(Stored data)

==============================

(* Let $\zeta\in(0,1]$, $n'\ge1$, $p_1,\dots,p_{n'}\ge 0$ and $x_1,\dots,x_{n'}\in[0,1]$. Let $\mathcal G$ be a family of pairwise disjoint nonempty subsets ("groups") of $\{1,\dots,n'\}$ such that for each $G'\in\mathcal G$: $\sum_{j\in G'}x_j\ge 1/10$, and $p_j\ge p_{j'}/10$ for all $j,j'\in G'$. Let $G=\bigcup_{G'\in\mathcal G}G'$ and $\bar G=\{1,\dots,n'\}\setminus G$. Let $X_1,\dots,X_{n'}$ be $\{0,1\}$-valued random variables with $\mathbb E[X_j]=x_j$ for all $j$, $\mathbb E[X_jX_{j'}]\le x_jx_{j'}$ for all $j\ne j'$, and $\mathbb E[X_jX_{j'}]\le(1-\zeta)x_jx_{j'}$ for all $j\ne j'$ lying in a common group $G'\in\mathcal G$. With $L=\sum_{j=1}^{n'}x_jp_j$, $Q=\sum_{j=1}^{n'}x_jp_j^2$, $\bar Q=\sum_{j\in\bar G}x_jp_j^2$, we have $$\mathbb E\Big[\sum_{j=1}^{n'}p_jX_j(p_1X_1+\dots+p_jX_j)\Big]\le\Big(1-\frac{\zeta}{200}\Big)Q+\frac{\zeta}{200}\bar Q+\frac12L^2.$$ *)

theory Defs
  imports "HOL-Probability.Probability"
begin

end

theory Submission
  imports Defs
begin

text \<open>
  Since \<open>X\<^sub>j\<^sup>2 = X\<^sub>j\<close>, the expectation equals \<open>Q\<close> plus the sum over pairs \<open>i < j\<close> of
  \<open>p\<^sub>i p\<^sub>j E[X\<^sub>i X\<^sub>j]\<close>. This pair sum is at most \<open>\<Sum>\<^sub>i\<^sub><\<^sub>j a\<^sub>i a\<^sub>j = (L\<^sup>2 - \<Sum>\<^sub>j a\<^sub>j\<^sup>2) / 2\<close>
  with \<open>a\<^sub>j = x\<^sub>j p\<^sub>j\<close>, less a discount of \<open>\<zeta> a\<^sub>i a\<^sub>j\<close> for each pair inside a group. Within a
  group the \<open>p\<^sub>j\<close> agree up to a factor 10 and the \<open>x\<^sub>j\<close> add up to at least \<open>1/10\<close>, so the
  group's share of \<open>Q\<close> is at most 100 times the square of its share of \<open>L\<close>; expanding that
  square, the discount pays for the gain \<open>\<zeta>/200\<close> on the grouped part of \<open>Q\<close>, while the
  diagonal terms it produces are absorbed by \<open>\<Sum>\<^sub>j a\<^sub>j\<^sup>2 / 2\<close>.
\<close>

definition increasing_pairs :: "'i::linorder set \<Rightarrow> ('i \<times> 'i) set" where
  "increasing_pairs A = {(i, j) \<in> A \<times> A. i < j}"

lemma finite_increasing_pairs [simp]: "finite A \<Longrightarrow> finite (increasing_pairs A)"
  unfolding increasing_pairs_def by (rule finite_subset[of _ "A \<times> A"]) auto

lemma increasing_pairs_mono: "A \<subseteq> B \<Longrightarrow> increasing_pairs A \<subseteq> increasing_pairs B"
  unfolding increasing_pairs_def by auto

lemma sum_increasing_pairs:
  assumes "finite A"
  shows "(\<Sum>(i, j)\<in>increasing_pairs A. f i j) = (\<Sum>j\<in>A. \<Sum>i\<in>{i\<in>A. i < j}. f i j)"
proof -
  have "increasing_pairs A = prod.swap ` (SIGMA j:A. {i\<in>A. i < j})"
    unfolding increasing_pairs_def by force
  then show ?thesis
    using assms by (simp add: sum.reindex sum.Sigma)
qed

lemma power2_sum_increasing_pairs:
  fixes b :: "'i::linorder \<Rightarrow> 'a::comm_semiring_1"
  assumes "finite A"
  shows "(\<Sum>j\<in>A. b j)\<^sup>2 = (\<Sum>j\<in>A. (b j)\<^sup>2) + 2 * (\<Sum>(i, j)\<in>increasing_pairs A. b i * b j)"
  using assms
proof (induction A rule: finite_linorder_max_induct)
  case empty
  then show ?case by (simp add: increasing_pairs_def)
next
  case (insert m A)
  have "increasing_pairs (insert m A) = increasing_pairs A \<union> (\<lambda>i. (i, m)) ` A"
    using insert.hyps unfolding increasing_pairs_def by auto
  moreover have "increasing_pairs A \<inter> (\<lambda>i. (i, m)) ` A = {}"
    using insert.hyps unfolding increasing_pairs_def by auto
  ultimately have "(\<Sum>(i, j)\<in>increasing_pairs (insert m A). b i * b j)
      = (\<Sum>(i, j)\<in>increasing_pairs A. b i * b j) + (\<Sum>i\<in>A. b i) * b m"
    using insert.hyps by (simp add: sum.union_disjoint sum.reindex inj_on_def sum_distrib_right)
  moreover have "m \<notin> A" using insert.hyps by auto
  ultimately show ?case
    using insert.hyps insert.IH by (simp add: power2_eq_square algebra_simps mult_2_right)
qed

lemma sum_times_partial_sum:
  fixes b :: "'i::linorder \<Rightarrow> 'a::comm_semiring_1"
  assumes "finite A"
  shows "(\<Sum>j\<in>A. b j * (\<Sum>i\<in>{i\<in>A. i \<le> j}. b i))
    = (\<Sum>j\<in>A. (b j)\<^sup>2) + (\<Sum>(i, j)\<in>increasing_pairs A. b i * b j)"
proof -
  have "b j * (\<Sum>i\<in>{i\<in>A. i \<le> j}. b i) = (b j)\<^sup>2 + (\<Sum>i\<in>{i\<in>A. i < j}. b i * b j)"
    if "j \<in> A" for j
  proof -
    have "{i\<in>A. i \<le> j} = insert j {i\<in>A. i < j}" using that by auto
    then show ?thesis
      using assms by (simp add: power2_eq_square distrib_left sum_distrib_left mult.commute)
  qed
  then show ?thesis
    using assms by (simp add: sum_increasing_pairs sum.distrib)
qed

lemma sum_weighted_squares_le_square:
  fixes x p :: "'i \<Rightarrow> real"
  assumes "finite G" "G \<noteq> {}" "0 \<le> c" "0 \<le> \<delta>"
    and "\<And>j. j \<in> G \<Longrightarrow> 0 \<le> x j" "\<And>j. j \<in> G \<Longrightarrow> 0 \<le> p j"
    and "c \<le> (\<Sum>j\<in>G. x j)"
    and "\<And>j j'. j \<in> G \<Longrightarrow> j' \<in> G \<Longrightarrow> \<delta> * p j' \<le> p j"
  shows "c * \<delta> * (\<Sum>j\<in>G. x j * (p j)\<^sup>2) \<le> (\<Sum>j\<in>G. x j * p j)\<^sup>2"
proof -
  define m where "m = Max (p ` G)"
  define s where "s = (\<Sum>j\<in>G. x j * p j)"
  have p_le_m: "p j \<le> m" if "j \<in> G" for j
    unfolding m_def using assms(1) that by auto
  have "m \<in> p ` G"
    unfolding m_def using assms(1,2) by simp
  then obtain k where "k \<in> G" "p k = m" by auto
  then have "0 \<le> m" and m_le_p: "\<And>j. j \<in> G \<Longrightarrow> \<delta> * m \<le> p j"
    using assms(6,8) by auto
  have "c * (\<delta> * m) \<le> (\<Sum>j\<in>G. x j) * (\<delta> * m)"
    using assms(4,7) \<open>0 \<le> m\<close> by (intro mult_right_mono) auto
  also have "\<dots> \<le> s"
    unfolding s_def sum_distrib_right using assms(5) m_le_p by (intro sum_mono mult_left_mono) auto
  finally have cm_le_s: "c * \<delta> * m \<le> s" by (simp add: mult.assoc)
  have "(\<Sum>j\<in>G. x j * (p j)\<^sup>2) \<le> m * s"
    unfolding s_def sum_distrib_left power2_eq_square
    using assms(5,6) p_le_m by (intro sum_mono) (simp add: mult_right_mono mult.left_commute)
  then have "c * \<delta> * (\<Sum>j\<in>G. x j * (p j)\<^sup>2) \<le> c * \<delta> * m * s"
    using assms(3,4) by (simp add: mult_left_mono mult.assoc)
  also have "\<dots> \<le> s * s"
    using cm_le_s assms(5,6) unfolding s_def by (intro mult_right_mono sum_nonneg) auto
  finally show ?thesis unfolding s_def by (simp add: power2_eq_square)
qed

==============================

Aim of the task →
Search the records for the string "shows", and copy every line that holds it.

Expected answer →
  shows "(\<Sum>(i, j)\<in>increasing_pairs A. f i j) = (\<Sum>j\<in>A. \<Sum>i\<in>{i\<in>A. i < j}. f i j)"
  shows "(\<Sum>j\<in>A. b j)\<^sup>2 = (\<Sum>j\<in>A. (b j)\<^sup>2) + 2 * (\<Sum>(i, j)\<in>increasing_pairs A. b i * b j)"
  shows "(\<Sum>j\<in>A. b j * (\<Sum>i\<in>{i\<in>A. i \<le> j}. b i))
  shows "c * \<delta> * (\<Sum>j\<in>G. x j * (p j)\<^sup>2) \<le> (\<Sum>j\<in>G. x j * p j)\<^sup>2"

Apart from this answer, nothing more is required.